→ **INPUT RECORDS**

--- --- ---

lemma has_real_derivative_integral_lborel:
  fixes F F' :: "real \<Rightarrow> real \<Rightarrow> real" and w :: "real \<Rightarrow> real"
  assumes S: "open S" "convex S" "x \<in> S"
    and F_integrable: "\<And>y. y \<in> S \<Longrightarrow> integrable lborel (F y)"
    and F'_meas: "F' x \<in> borel_measurable lborel"
    and w: "integrable lborel w"
    and F_deriv: "\<And>y t. y \<in> S \<Longrightarrow> ((\<lambda>y. F y t) has_real_derivative F' y t) (at y)"
    and F'_bound: "\<And>y t. y \<in> S \<Longrightarrow> \<bar>F' y t\<bar> \<le> w t"
  shows "((\<lambda>y. \<integral>t. F y t \<partial>lborel) has_real_derivative (\<integral>t. F' x t \<partial>lborel)) (at x)"
proof -
  have "((\<lambda>y. \<integral>t. F y t \<partial>lborel) has_real_derivative (\<integral>t. F' x t \<partial>lborel)) (at x within S)"
    unfolding has_field_derivative_iff tendsto_at_iff_sequentially comp_def
  proof (intro allI impI)
    fix X :: "nat \<Rightarrow> real"
    assume X: "\<forall>i. X i \<in> S - {x}" and lim: "X \<longlonglongrightarrow> x"
    define s where "s i t = (F (X i) t - F x t) / (X i - x)" for i t
    have "(\<lambda>i. \<integral>t. s i t \<partial>lborel) \<longlonglongrightarrow> (\<integral>t. F' x t \<partial>lborel)"
    proof (rule integral_dominated_convergence[where w=w])
      show "s i \<in> borel_measurable lborel" for i
        unfolding s_def using F_integrable X S
        by (intro borel_measurable_divide borel_measurable_diff) auto
      show "AE t in lborel. (\<lambda>i. s i t) \<longlonglongrightarrow> F' x t"
      proof (rule AE_I2)
        fix t
        have "((\<lambda>y. (F y t - F x t) / (y - x)) \<longlongrightarrow> F' x t) (at x within S)"
          using has_field_derivative_at_within[OF F_deriv[OF S(3)]]
          unfolding has_field_derivative_iff .
        then show "(\<lambda>i. s i t) \<longlonglongrightarrow> F' x t"
          unfolding tendsto_at_iff_sequentially s_def comp_def using X lim by auto
      qed
      show "AE t in lborel. norm (s i t) \<le> w t" for i
      proof (rule AE_I2)
        fix t
        have "norm (F (X i) t - F x t) \<le> w t * norm (X i - x)"
          using X S F'_bound
          by (intro field_differentiable_bound[where S=S and f'="\<lambda>y. F' y t"])
             (auto intro: has_field_derivative_at_within F_deriv)
        then show "norm (s i t) \<le> w t"
          using X unfolding s_def by (simp add: divide_le_eq)
      qed
    qed (use F'_meas w in auto)
    moreover have "(\<integral>t. s i t \<partial>lborel) = ((\<integral>t. F (X i) t \<partial>lborel) - (\<integral>t. F x t \<partial>lborel)) / (X i - x)" for i
      unfolding s_def using F_integrable X S by simp
    ultimately show "(\<lambda>i. ((\<integral>t. F (X i) t \<partial>lborel) - (\<integral>t. F x t \<partial>lborel)) / (X i - x))
        \<longlonglongrightarrow> (\<integral>t. F' x t \<partial>lborel)"
      by simp
  qed
  then show ?thesis
    using at_within_open[OF S(3) S(1)] by simp
qed

lemma has_real_derivative_convolution:
  fixes h h' l :: "real \<Rightarrow> real"
  assumes h_deriv: "\<And>y. (h has_real_derivative h' y) (at y)"
    and h'_meas: "h' \<in> borel_measurable borel"
    and h'_bounded: "bounded (range h')" and h_bounded: "bounded (range h)"
    and l: "integrable lborel l"
  shows "((\<lambda>x. \<integral>v. h (x - v) * l v \<partial>lborel) has_real_derivative (\<integral>v. h' (x - v) * l v \<partial>lborel)) (at x)"
proof -
  note [measurable] = borel_measurable_if_has_real_derivative[OF h_deriv] h'_meas
    borel_measurable_integrable[OF l]
  obtain K' where K': "\<And>y. \<bar>h' y\<bar> \<le> K'"
    using h'_bounded by (auto simp: bounded_iff)
  show ?thesis
  proof (rule has_real_derivative_integral_lborel[where S=UNIV and w="\<lambda>v. K' * \<bar>l v\<bar>"])
    show "integrable lborel (\<lambda>v. h (y - v) * l v)" for y
      using h_bounded by (intro integrable_bounded_mult[OF l]) (auto elim: bounded_subset)
    show "((\<lambda>y. h (y - v) * l v) has_real_derivative h' (y - v) * l v) (at y)" for y v
      by (auto intro!: derivative_eq_intros DERIV_chain2[OF h_deriv])
    show "\<bar>h' (y - v) * l v\<bar> \<le> K' * \<bar>l v\<bar>" for y v
      using K' by (simp add: abs_mult mult_right_mono)
  qed (use l in auto)
qed

lemma lborel_integral_odd_eq_0:
  fixes f :: "real \<Rightarrow> real"
  assumes f_odd: "\<And>x. f (- x) = - f x"
  shows "(\<integral>x. f x \<partial>lborel) = 0"
proof -
  have "(\<integral>x. f x \<partial>lborel) = (\<integral>x. f (- x) \<partial>lborel)"
    using lborel_integral_real_affine[of "-1" f 0] by simp
  also have "\<dots> = - (\<integral>x. f x \<partial>lborel)"
    by (simp add: f_odd)
  finally show ?thesis
    by simp
qed

lemma lborel_integral_pos:
  fixes f :: "real \<Rightarrow> real"
  assumes f: "integrable lborel f" and pos: "\<And>x. f x > 0"
  shows "(\<integral>x. f x \<partial>lborel) > 0"
proof -
  have "(\<integral>x. f x \<partial>lborel) \<noteq> 0"
  proof
    assume "(\<integral>x. f x \<partial>lborel) = 0"
    then have "AE x in lborel. f x = 0"
      using integral_nonneg_eq_0_iff_AE[OF f] pos by (auto intro: less_imp_le)
    then have "AE x::real in lborel. False"
      by eventually_elim (metis pos less_irrefl)
    then show False
      by (simp add: eventually_False ae_filter_eq_bot_iff)
  qed
  moreover have "(\<integral>x. f x \<partial>lborel) \<ge> 0"
    using pos by (intro integral_nonneg_AE) (auto intro: less_imp_le)
  ultimately show ?thesis
    by simp
qed

lemma posterior_mean_eq_shifted_ratio:
  fixes f l :: "real \<Rightarrow> real"
  assumes "integrable lborel (\<lambda>v. f (x - v) * l v)"
    and "integrable lborel (\<lambda>v. (x - v - m) * f (x - v) * l v)"
  shows "posterior_mean f l x
    = (m * (\<integral>v. f (x - v) * l v \<partial>lborel) + (\<integral>v. (x - v - m) * f (x - v) * l v \<partial>lborel))
        / (\<integral>v. f (x - v) * l v \<partial>lborel)"
proof -
  have reflect: "(\<integral>\<theta>. g \<theta> \<partial>lborel) = (\<integral>v. g (x - v) \<partial>lborel)" for g :: "real \<Rightarrow> real"
    using lborel_integral_real_affine[of "-1" g x] by simp
  have "(\<integral>v. (x - v) * f (x - v) * l v \<partial>lborel)
      = (\<integral>v. m * (f (x - v) * l v) + (x - v - m) * f (x - v) * l v \<partial>lborel)"
    by (intro Bochner_Integration.integral_cong) (simp_all add: algebra_simps)
  also have "\<dots> = m * (\<integral>v. f (x - v) * l v \<partial>lborel) + (\<integral>v. (x - v - m) * f (x - v) * l v \<partial>lborel)"
    using assms by simp
  finally show ?thesis
    unfolding posterior_mean_def reflect[of "\<lambda>\<theta>. \<theta> * f \<theta> * l (x - \<theta>)"] reflect[of "\<lambda>\<theta>. f \<theta> * l (x - \<theta>)"]
    by simp
qed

--- --- ---

→ **WHAT THE TASK REQUIRES**
Please give again only the lines from the start of the material through the line holding "unfolding has_field_derivative_iff .", exactly as they are written.

→ **EXERCISE ANSWER**
lemma has_real_derivative_integral_lborel:
  fixes F F' :: "real \<Rightarrow> real \<Rightarrow> real" and w :: "real \<Rightarrow> real"
  assumes S: "open S" "convex S" "x \<in> S"
    and F_integrable: "\<And>y. y \<in> S \<Longrightarrow> integrable lborel (F y)"
    and F'_meas: "F' x \<in> borel_measurable lborel"
    and w: "integrable lborel w"
    and F_deriv: "\<And>y t. y \<in> S \<Longrightarrow> ((\<lambda>y. F y t) has_real_derivative F' y t) (at y)"
    and F'_bound: "\<And>y t. y \<in> S \<Longrightarrow> \<bar>F' y t\<bar> \<le> w t"
  shows "((\<lambda>y. \<integral>t. F y t \<partial>lborel) has_real_derivative (\<integral>t. F' x t \<partial>lborel)) (at x)"
proof -
  have "((\<lambda>y. \<integral>t. F y t \<partial>lborel) has_real_derivative (\<integral>t. F' x t \<partial>lborel)) (at x within S)"
    unfolding has_field_derivative_iff tendsto_at_iff_sequentially comp_def
  proof (intro allI impI)
    fix X :: "nat \<Rightarrow> real"
    assume X: "\<forall>i. X i \<in> S - {x}" and lim: "X \<longlonglongrightarrow> x"
    define s where "s i t = (F (X i) t - F x t) / (X i - x)" for i t
    have "(\<lambda>i. \<integral>t. s i t \<partial>lborel) \<longlonglongrightarrow> (\<integral>t. F' x t \<partial>lborel)"
    proof (rule integral_dominated_convergence[where w=w])
      show "s i \<in> borel_measurable lborel" for i
        unfolding s_def using F_integrable X S
        by (intro borel_measurable_divide borel_measurable_diff) auto
      show "AE t in lborel. (\<lambda>i. s i t) \<longlonglongrightarrow> F' x t"
      proof (rule AE_I2)
        fix t
        have "((\<lambda>y. (F y t - F x t) / (y - x)) \<longlongrightarrow> F' x t) (at x within S)"
          using has_field_derivative_at_within[OF F_deriv[OF S(3)]]
          unfolding has_field_derivative_iff .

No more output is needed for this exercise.